Andar promotes clean code by using a composition approach to avoid inheritance hell.

Furthermore, it allows to define a path conventions in a single place using a clear and intuitive syntax.

The use of templated path strings with field definitions helps to avoid the error-prone split/index syntax

### Reusability

Andar allows using a single path convention via a PathModel for both generating and parsing paths.

PathModels can be reused to create new path conventions with minimal effort without modifying the parent PathModel.

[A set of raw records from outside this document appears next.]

(* Let $I$ be a resident-minimal and hospital-complete instance and suppose there is a prescription $(P,X)$ for $I$. Then there is a simple extension $J$ of $I$ such that $\mathrm{prop}(J)\setminus\mathrm{prop}(I)\subseteq P$, $\mathrm{rej}(J)\setminus\mathrm{rej}(I)\subseteq X$, and $\mathrm{tgs}(P,X)\subseteq\mathrm{rej}(J)$.
   Context: An instance $I$ consists of finite disjoint sets $R$ (residents) and $H$ (hospitals), a positive integer quota $q_h$ for each $h\in H$, for each $r\in R$ a preference list of $r$ (a sequence of distinct members of $H$, not necessarily all), and for each $h\in H$ a preference list of $h$ (a sequence of distinct members of $R$). A list is complete if it contains every member of the opposite side; an instance is hospital-complete if every hospital's list is complete. A match is a pair $(r,h)\in R\times H$. For a set $M$ of matches, $\mathrm{res}_h M=\{r:(r,h)\in M\}$, $\mathrm{res}\,M=\{r:(r,h)\in M\text{ for some }h\}$. $J$ is an extension of $I$ (same $R,H$, quotas) if every list of $J$ has the corresponding list of $I$ as a prefix. An event is $(r,h)^+$ (proposal) or $(r,h)^-$ (rejection). For an event sequence $\sigma$, $\mathrm{prop}(\sigma)$, $\mathrm{rej}(\sigma)$ are the sets of matches proposed/rejected in $\sigma$ and $\mathrm{tent}(\sigma)=\mathrm{prop}(\sigma)\setminus\mathrm{rej}(\sigma)$. A match $(r,h)\in M$ is ousted from $M$ in $I$ if the list of $h$ in $I$ contains at least $q_h$ residents of $\mathrm{res}_h M$ and either $r$ is not on it or $r$ is preceded on it by at least $q_h$ residents of $\mathrm{res}_h M$. $I$-feasible sequences: the empty sequence is $I$-feasible; if $\sigma$ is $I$-feasible then $\sigma+(r,h)^+$ is $I$-feasible if $r\notin\mathrm{res}\,\mathrm{tent}(\sigma)$, $(r,h)\notin\mathrm{prop}(\sigma)$, $h$ is on the list of $r$ in $I$ and $(r,h')\in\mathrm{rej}(\sigma)$ for every $h'$ preceding $h$ on it; and $\sigma+(r,h)^-$ is $I$-feasible if $(r,h)$ is ousted from $\mathrm{prop}(\sigma)$ in $I$ and $(r,h)\notin\mathrm{rej}(\sigma)$. All maximal $I$-feasible sequences contain the same events; $\mathrm{prop}(I),\mathrm{rej}(I),\mathrm{tent}(I)$ denote $\mathrm{prop}(\sigma),\mathrm{rej}(\sigma),\mathrm{tent}(\sigma)$ for any maximal $I$-feasible $\sigma$. $I$ is resident-minimal if $\mathrm{prop}(I)$ equals the set of matches $(r,h)$ with $h$ on the list of $r$ in $I$. An extension $J$ of $I$ is simple if $(\mathrm{prop}(J)\setminus\mathrm{prop}(I))\cap(\mathrm{rej}(J)\setminus\mathrm{rej}(I))=\emptyset$. For a resident-minimal and hospital-complete instance $I$, a prescription for $I$ is a pair $(P,X)$ of sets of matches such that: (P1) $P\cap\mathrm{prop}(I)=\emptyset$; (P2) for each $r\in R$ there is at most one $h$ with $(r,h)\in P$; (P3) $X\subseteq\mathrm{tent}(I)$; (P4) $\mathrm{res}\,P\cap\mathrm{res}\,\mathrm{tent}(I)\subseteq\mathrm{res}\,X$; (P5) for each $h\in H$, $|\mathrm{res}_h(P\cup(\mathrm{tent}(I)\setminus X))|\le q_h$, with equality if $\mathrm{res}_h X\neq\emptyset$; (P6) for each $h\in H$, every member of $\mathrm{res}_h(P\cup(\mathrm{tent}(I)\setminus X))$ precedes all members of $\mathrm{res}_h X$ in the list of $h$ in $I$. Its target set is $\mathrm{tgs}(P,X)=\{(r,h)\in X: r\notin\mathrm{res}\,P\}$. *)

theory Defs
  imports Main
begin

text \<open>Residents and hospitals live in two separate types (so R and H are automatically disjoint).\<close>

record ('r, 'h) inst =
  Res   :: "'r set"
  Hos   :: "'h set"
  quota :: "'h \<Rightarrow> nat"
  rpref :: "'r \<Rightarrow> 'h list"
  hpref :: "'h \<Rightarrow> 'r list"

definition valid_instance :: "('r, 'h) inst \<Rightarrow> bool" where
  "valid_instance I \<longleftrightarrow>
     finite (Res I) \<and> finite (Hos I) \<and>
     (\<forall>h\<in>Hos I. quota I h > 0) \<and>
     (\<forall>r\<in>Res I. distinct (rpref I r) \<and> set (rpref I r) \<subseteq> Hos I) \<and>
     (\<forall>h\<in>Hos I. distinct (hpref I h) \<and> set (hpref I h) \<subseteq> Res I) \<and>
     (\<forall>r. r \<notin> Res I \<longrightarrow> rpref I r = []) \<and>
     (\<forall>h. h \<notin> Hos I \<longrightarrow> hpref I h = [])"

definition hospital_complete :: "('r, 'h) inst \<Rightarrow> bool" where
  "hospital_complete I \<longleftrightarrow> (\<forall>h\<in>Hos I. set (hpref I h) = Res I)"

definition is_extension :: "('r, 'h) inst \<Rightarrow> ('r, 'h) inst \<Rightarrow> bool" where
  "is_extension I J \<longleftrightarrow> valid_instance J \<and>
     Res J = Res I \<and> Hos J = Hos I \<and> (\<forall>h\<in>Hos I. quota J h = quota I h) \<and>
     (\<forall>r\<in>Res I. \<exists>ys. rpref J r = rpref I r @ ys) \<and>
     (\<forall>h\<in>Hos I. \<exists>ys. hpref J h = hpref I h @ ys)"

### Separation of Concerns

Andar helps to separate I/O layer from path generation layer resulting in a code easier to maintain.

### Predictability

Andar provides field name checking via regular expressions and functions to assert bijection between path generation and

path parsing.

### Flexibility

Andar allows for a quick start just by defining a path template thanks to its predefined fields and patterns. It also 

include more advance capabilities for customizing field parsing and generation via regular expression and string converters while 

maintaining a simple syntax.

### Lightweight

Andar is written using standard Python library, so it is very lightweight without any external dependencies.

## Concepts

### PathModel

PathModel is the main class that allows to easy define path conventions and manage path structures. It is based on two

main components: templates and fields.

Templates are strings that define the names of the fields in the path structure using a simple syntax 

(inspired by f-string) , for example: `"/{folder}/{prefix}_{name}_{suffix}.{ext}"`

Fields are the basic components that allow to map an object to a string in order to build or parse a path. Fields 

are defined via a class named FieldConf (see next section).

A PathModel can be defined only with the template string because there is already a default value for fields.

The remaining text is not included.